Today's answer is: Paris. And today's question is: Where were the pictures taken? Mrs. Linklater went to Paris for the first time with her younger daughter. The chandelier and beautiful stained glass [Picture No. One] are in the lobby of the beaux arts hotel they stayed in.  Her daughter went to France on business.  Mrs. Linklater tagged along. Her friend, Karen, invited them up to her Rue de Rivoli apartment [Picture No. Two]. She was a Givenchy model years ago. Now she sings Tom Waits songs in cozy French venues. Like Willie Nelson singing Frank Sinatra in reverse. Fancy address.  Fancier apartment. High ceilings.  Glorious details. Not a piece of formica in the place.  Or a dust bunny on the floor. Museum quality paintings abound -- all done by her friends. Mrs. Linklater's painter friends are doing woodwork and walls. They had some champagne and adjourned to a lovely restaurant, Market, for dinner. Karen is fluent in French. Mrs. Linklater's daughter gets by nicely.  Mrs. Linklater is totally pathetic. Three years in high school wasted. The next day the hotel bellboy found a cab with an English speaking driver to drive her around to all the notable places she'd only seen in pictures. The Eiffel Tower is enormous.  The Arc de Triomphe is enormous. The cobblestone street that surrounds the historic arch is fascinating.  In the US it would have been paved a century ago. The most elegant city Mrs. Linklater has ever seen. With creative cab drivers who will go up on the sidewalk on occasion. Been there. Done that. The third chandelier [Picture No. Three] was in the Paris hotel room. Mrs. Linklater even photographed the marble floor in the bathroom, the wonderful, intricately carved metal door handles, and the view from the eensy weensy terrace. Quelle tourist. 

Answer of the day

The answer of the day is: Pop Tarts. In fact, Mrs. Linklater believes that Pop Tarts are the answer to any question.  How did David Letterman father a child? Pop Tarts. Why did Digger Phelps pick Texas to win it all?  Pop Tarts. Why did we go to war in Iraq?  Pop Tarts.  Why do people eat over the sink?  Pop Tarts. What made me choose pictures of two college boys in drag?  Pop Tarts.

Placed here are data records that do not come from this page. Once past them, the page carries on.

lemma Cantor_space_lepoll_projection: "(UNIV :: nat set set) \<lesssim> snd ` A"
proof -
  have "inj (\<lambda>S. snd (limit (\<lambda>i. i \<in> S)))"
  proof (rule injI)
    fix S T :: "nat set"
    assume eq: "snd (limit (\<lambda>i. i \<in> S)) = snd (limit (\<lambda>i. i \<in> T))"
    show "S = T"
    proof (rule ccontr)
      assume "S \<noteq> T"
      then have "(\<lambda>i. i \<in> S) \<noteq> (\<lambda>i. i \<in> T)"
        by (simp add: fun_eq_iff set_eq_iff)
      with eq show False
        using limit_projection_inj by blast
    qed
  qed
  moreover have "range (\<lambda>S. snd (limit (\<lambda>i. i \<in> S))) \<subseteq> snd ` A"
    by (intro image_subsetI imageI limit_in_A)
  ultimately show ?thesis
    unfolding lepoll_def by blast
qed

end

lemma topspace_Baire_space [simp]: "topspace Baire_space = UNIV"
  unfolding Baire_space_def by (simp add: PiE_UNIV_domain)

lemma topspace_Pomega [simp]: "topspace Pomega = UNIV"
proof -
  have "UNIV \<in> {{A. F \<subseteq> A} | F :: nat set. finite F}"
    by (rule CollectI, rule exI[of _ "{}"]) simp
  then show ?thesis
    unfolding Pomega_def topology_generated_by_topspace by blast
qed

lemma Sigma11_Pomega_eqpoll_reals:
  assumes "S \<in> Sigma11 Pomega" "uncountable S"
  shows "S \<approx> (UNIV :: real set)"
proof -
  obtain A U V where opens: "\<forall>n :: nat. openin (prod_topology Baire_space Pomega) (U n) \<and>
        openin (prod_topology Baire_space Pomega) (V n)"
    and A: "topspace Baire_space \<times> topspace Pomega - A = (\<Union>n. U n - V n)"
    and S: "S = {y \<in> topspace Pomega. \<exists>p \<in> topspace Baire_space. (p, y) \<in> A}"
    using assms(1) unfolding Sigma11_def by blast
  have "S = snd ` A"
    unfolding S by force
  interpret Cantor_scheme U V A
  proof
    show "cell_open (U n)" "cell_open (V n)" for n
      using opens openin_Baire_Pomega_imp_cell_open by blast+
    show "A = - (\<Union>n. U n - V n)"
      using A by auto
    show "uncountable (snd ` A)"
      using assms(2) \<open>S = snd ` A\<close> by simp
  qed
  have "S \<approx> (UNIV :: nat set set)"
    using lepoll_antisym[OF subset_imp_lepoll[OF subset_UNIV] Cantor_space_lepoll_projection]
      \<open>S = snd ` A\<close> by simp
  then show ?thesis
    using nat_sets_eqpoll_reals by (rule eqpoll_trans)
qed

theorem proposition3p5:
  fixes X :: "'a topology"
  assumes "CB0_Sigma11 X"
    and "uncountable (topspace X)"
  shows "topspace X \<approx> (UNIV :: real set)"
proof -
  obtain S f where S: "S \<in> Sigma11 Pomega" and f: "homeomorphic_map X (subtopology Pomega S) f"
    using assms(1) unfolding CB0_Sigma11_def homeomorphic_space by blast
  have "f ` topspace X = S" "inj_on f (topspace X)"
    using homeomorphic_imp_surjective_map[OF f] homeomorphic_imp_injective_map[OF f] by simp_all
  then have "topspace X \<approx> S"
    unfolding eqpoll_def bij_betw_def by blast
  moreover have "uncountable S"
    using assms(2) \<open>f ` topspace X = S\<close> \<open>inj_on f (topspace X)\<close> countable_image_inj_on by blast
  then have "S \<approx> (UNIV :: real set)"
    by (rule Sigma11_Pomega_eqpoll_reals[OF S])
  ultimately show ?thesis
    by (rule eqpoll_trans)
qed

end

I was in a meeting this morning where they actually served Pop Tarts. I had never had one. So I tried the French Toast flavor. It tasted like French Toast. The syrup is inside, but it sits there and doesn't drip. I also tried the chocolate with those bright green pink and blue stars on top.  I would like to see if they glow under black light.

The experience got me to wondering about the sandwiches you could make with Pop Tarts.  Spread some Marshamallow Fluff and cherries in between. Or sliced bananas and peanut butter.  Cool whip and strawberries. Melted caramel and apple slices. I also wondered about mashed potatoes and peas, but got over it. What about Pop Tarts dipped in chocolate fondue? Or Pop Tart-Ka-Bobs? I smell Zantac.